Ex-Michel-Pastor Helge Adolphsen weiß, wie Tote nicht dem Vergessen anheimfallen

Dunkler November. Mit Volkstrauertag und dem Toten- und Ewigkeitssonntag. Am Sonntag findet auf dem Ehrenfriedhof des Neuen Friedhofs in Harburg eine Gedenkfeier statt. Wie an vielen Orten im Umland. Kein Heldengedenktag. Die Zeit der Glorifizierung gefallener Soldaten ist gottlob vorbei.

Lange schon auch in der segensreichen Arbeit des Volksbundes Deutsche Kriegsgräberfürsorge. Ich schätze sie, seit ich vor Jahren mit Offizieren der Bundeswehr in Verdun war. Ich musste einfach allein durch die unendlich langen Reihen mit schlichten Kreuzen gehen. Nur Namen, Geburts- und Sterbedatum der im Ersten Weltkrieg Getöteten darauf. Fast alle im jungen Alter von 20 Jahren. Ich wurde immer fassungsloser.

Später, noch vor der Wende 1989, war ich mit einer Delegation auf dem deutschen Soldatenfriedhof in Moskau. Ich erfuhr von den Bemühungen des Volksbundes, in zähen Verhandlungen mit den ehemaligen „Feinden“ neue Friedhöfe anzulegen. In der Ukraine, in der Weite Russlands und an anderen Orten. Er organisiert Fahrten mit Angehörigen von Gefallenen. Ihre Toten galten lange als vermisst. Aber das tiefe Bedürfnis der Hinterbliebenen, endlich den Ort des Grabes zu wissen und zu besuchen, kam nie zur Ruhe. Immer noch trauern Menschen um ihre Männer und Söhne. Auch nach 70 Jahren.

Trauer braucht Zeit. Und Trauern braucht sichere Orte, um die schmerzlichen und die schönen Erinnerungen dort festzumachen. Damit die Gedanken nicht ziellos bleiben und das Herz endlich Frieden findet.

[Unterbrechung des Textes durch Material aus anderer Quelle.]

theorem lemma2p4:
  fixes P :: "'a measure" and \<alpha> \<Delta> :: real and X0 :: "'a \<Rightarrow> real"
    and Z :: "real \<Rightarrow> 'a \<Rightarrow> real" and ls :: "nat \<Rightarrow> ereal \<Rightarrow> real" and l :: "ereal \<Rightarrow> real"
  assumes "prob_space P"
    and "\<alpha> > 0" and "\<Delta> > 0"
    and "X0 \<in> borel_measurable P"
    and "\<And>t. 0 \<le> t \<Longrightarrow> Z t \<in> borel_measurable P"
    and "\<And>\<omega>. \<omega> \<in> space P \<Longrightarrow> continuous_on {0..} (\<lambda>t. Z t \<omega>)"
    and "\<And>\<omega>. \<omega> \<in> space P \<Longrightarrow> Z 0 \<omega> = 0"
    and "prob_space.indep_set P (sets (vimage_algebra (space P) X0 borel))
           (sets (vimage_algebra (space P) (\<lambda>\<omega>. restrict (\<lambda>t. Z t \<omega>) {0..})
              (Pi\<^sub>M {0..} (\<lambda>_. borel))))"
    and "\<And>n. inM (ls n)" and "inM l"
    and "Mconv (\<lambda>n. ls n \<circ> disc \<Delta>) (l \<circ> disc \<Delta>)"
    and "\<And>n. ls n 0 = l 0"
    and "(\<forall>x. measure (distr P borel X0) {x} = 0)
         \<or> (\<forall>t>0. \<forall>x. measure (distr P borel (Z t)) {x} = 0)"
  shows "Mconv (\<lambda>n. GammaD P \<alpha> \<Delta> X0 Z (ls n)) (GammaD P \<alpha> \<Delta> X0 Z l)"
proof -
  interpret prob_space P by fact
  have [measurable]: "Z (\<Delta> * real j) \<in> borel_measurable P" for j :: nat
    using assms(3,5) by simp
  have boundary: "(\<forall>n. \<alpha> * ls n (ereal (\<Delta> * real j)) = \<alpha> * l (ereal (\<Delta> * real j)))
      \<or> prob {\<omega>\<in>space P. X0 \<omega> + Z (\<Delta> * real j) \<omega> = \<alpha> * l (ereal (\<Delta> * real j))} = 0" for j
    \<comment> \<open>the atomless hypothesis on \<open>Z t\<close> only covers \<open>t > 0\<close>; at \<open>j = 0\<close> we use \<open>ls n 0 = l 0\<close>\<close>
    using assms by (cases "j = 0")
      (auto simp: zero_ereal_def intro!: indep_process_prob_add_eq_const_zero)
  have at_real: "(\<lambda>n. GammaD P \<alpha> \<Delta> X0 Z (ls n) (ereal r)) \<longlonglongrightarrow> GammaD P \<alpha> \<Delta> X0 Z l (ereal r)"
    if "0 \<le> r" for r
    unfolding GammaD_eq_grid[OF assms(3) that] using boundary assms(4)
    by (intro prob_exists_le_tendsto tendsto_mult_left Mconv_disc_imp_tendsto_grid_point[OF assms(3,11)])
      auto
  show ?thesis
    unfolding Mconv_def
  proof (intro allI impI)
    fix t :: ereal
    assume "0 \<le> t"
    then show "(\<lambda>n. GammaD P \<alpha> \<Delta> X0 Z (ls n) t) \<longlonglongrightarrow> GammaD P \<alpha> \<Delta> X0 Z l t"
      using at_real by (cases t) (auto simp: GammaD_def)
  qed
qed

end
theorem theorem1:
  fixes G :: "('a, 'b) monoid_scheme"
    and q :: nat and a :: "nat \<Rightarrow> real" and \<chi> :: "nat \<Rightarrow> 'a \<Rightarrow> complex"
  assumes "group G" and "finite (carrier G)"
    and irr: "\<forall>i<q. irr_char G (\<chi> i)"
    and dist: "\<forall>i<q. \<forall>j<q. i \<noteq> j \<longrightarrow> restrict (\<chi> i) (carrier G) \<noteq> restrict (\<chi> j) (carrier G)"
  shows "(\<forall>g\<in>carrier G.
            expect_GG G (xi G g (virt_char q a \<chi>))
              = (\<Sum>i<q. a i / (Re (\<chi> i \<one>\<^bsub>G\<^esub>))\<^sup>2 * Re (\<chi> i g)))
       \<and> (nonneg_virt_char G q a \<chi> \<longrightarrow>
            (\<forall>g\<in>carrier G.
               comm_prob G g \<le> expect_GG G (xi G g (virt_char q a \<chi>)) / Re (virt_char q a \<chi> \<one>\<^bsub>G\<^esub>)
             \<and> expect_GG G (xi G g (virt_char q a \<chi>)) / Re (virt_char q a \<chi> \<one>\<^bsub>G\<^esub>)
                 = (\<Sum>i<q. a i / (Re (\<chi> i \<one>\<^bsub>G\<^esub>))\<^sup>2 * Re (\<chi> i g))
                   / (\<Sum>i<q. a i * Re (\<chi> i \<one>\<^bsub>G\<^esub>)))
          \<and> comm_prob G \<one>\<^bsub>G\<^esub> \<le> (\<Sum>i<q. a i / Re (\<chi> i \<one>\<^bsub>G\<^esub>)) / (\<Sum>i<q. a i * Re (\<chi> i \<one>\<^bsub>G\<^esub>)))"
proof -
  interpret group G by fact
  have expect: "expect_GG G (xi G g (virt_char q a \<chi>))
      = (\<Sum>i<q. a i / (Re (\<chi> i \<one>\<^bsub>G\<^esub>))\<^sup>2 * Re (\<chi> i g))"
    if "g \<in> carrier G" for g
    using expect_xi_virt_char[OF \<open>group G\<close> \<open>finite (carrier G)\<close> irr that] .
  have comm_prob_le: "comm_prob G g
      \<le> expect_GG G (xi G g (virt_char q a \<chi>)) / Re (virt_char q a \<chi> \<one>\<^bsub>G\<^esub>)"
    if "nonneg_virt_char G q a \<chi>" "g \<in> carrier G" for g
    using comm_prob_le_expect_xi[OF \<open>group G\<close> \<open>finite (carrier G)\<close> _ _ \<open>g \<in> carrier G\<close>]
      nonneg_virt_char_one_pos[OF \<open>group G\<close> irr] that
    by (simp add: nonneg_virt_char_def)
  have degree_sum: "(\<Sum>i<q. a i / (Re (\<chi> i \<one>\<^bsub>G\<^esub>))\<^sup>2 * Re (\<chi> i \<one>\<^bsub>G\<^esub>))
      = (\<Sum>i<q. a i / Re (\<chi> i \<one>\<^bsub>G\<^esub>))"
    by (intro sum.cong refl) (simp add: power2_eq_square)
  have comm_prob_one: "comm_prob G \<one>\<^bsub>G\<^esub>
      \<le> (\<Sum>i<q. a i / Re (\<chi> i \<one>\<^bsub>G\<^esub>)) / (\<Sum>i<q. a i * Re (\<chi> i \<one>\<^bsub>G\<^esub>))"
    if "nonneg_virt_char G q a \<chi>"
    using comm_prob_le[OF that one_closed] expect[OF one_closed] degree_sum
    by (simp add: Re_virt_char)
  show ?thesis
    using expect comm_prob_le comm_prob_one by (auto simp: Re_virt_char)
qed

end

Ich habe so manche Gespräche mit Menschen geführt, die mit der anonymen Beisetzung nicht fertig wurden. Sie hatten den letzten Willen des geliebten Menschen, auf einem großen Gräberfeld unter dem grünen Rasen bestattet zu werden, erfüllt. Ohne Namen und Grabstein. Aber sie brauchten einen festen Ort, zu dem sie gehen konnten. Eine Frau sagte: „Ich kann nur da meinem Mann nahe sein und mit ihm sprechen.“ Sie bat mich, bei der Umbettung zu helfen. Das gelingt kaum.

Ich habe erst langsam gelernt, dass diese Orte sehr verschieden sein können. Früher war Trauern an Sitten, Rituale und Konventionen gebunden. Es gab das Trauerjahr. Man trug Schwarz, weil und wie alle es taten. Heute ist Trauer privatisiert. Sie ist so individuell und unterschiedlich geworden wie wir alle sind und wie wir leben.

Auch die Trauerorte haben sich verändert. Es gibt Gemeinschaftsgräber für Tot- und Frühgeburten und für AIDS-Tote. Wir haben am Michel eine Gemeinschaftsgrabstätte für „Michaeliten“ gegründet. Leitwort: Wir wollen im Leben, im Sterben und im Tod zusammen sein. Der HSV hat in der Nähe der Imtech-Arena eine Ruhestätte für seine Vereinsmitglieder und Fans eingerichtet. Aber es gibt auch das Andere. Ein befreundeter Architekt hat ein Mausoleum für einen Hamburger auf Ohlsdorf entworfen und gebaut. Ganz wie früher. Und viele gehen in diesen Tagen auf die Friedhöfe und schmücken die Gräber.

Immer mehr Ruhestätten in Friedwäldern entstehen. Da gibt es Gemein-schaftsbäume mit zehn Urnengräbern. Mit Namenstafeln. Blumen und Grablichter sind nicht erlaubt. Manche finden einen Ort in ihrem Herzen und in ihrer Erinnerung. Das ist der sehr persönliche Ort für ihr Gedenken. So bewahren sie ihre Verstorbenen in Liebe. Eine Firma wirbt damit, Asche zu kristallisieren und zu Schmuck zu machen. Kosten: 10.000 Euro. Eine Frau trägt ihn ständig an ihrem Hals. So habe sie ihren Mann immer ganz nah an ihrem Körper, sagt sie. Für mich befremdlich.

Trauern braucht geschützte, sichere und gute Orte. Durchaus unterschiedlich und selbstbestimmt. Aber unsere Toten brauchen auch solche Orte der Geborgenheit. Sichtbare oder tief empfundene Orte. Orte, die die Würde gegenüber Toten und Lebenden ausstrahlen. Und sie nicht dem Vergessen anheimgeben.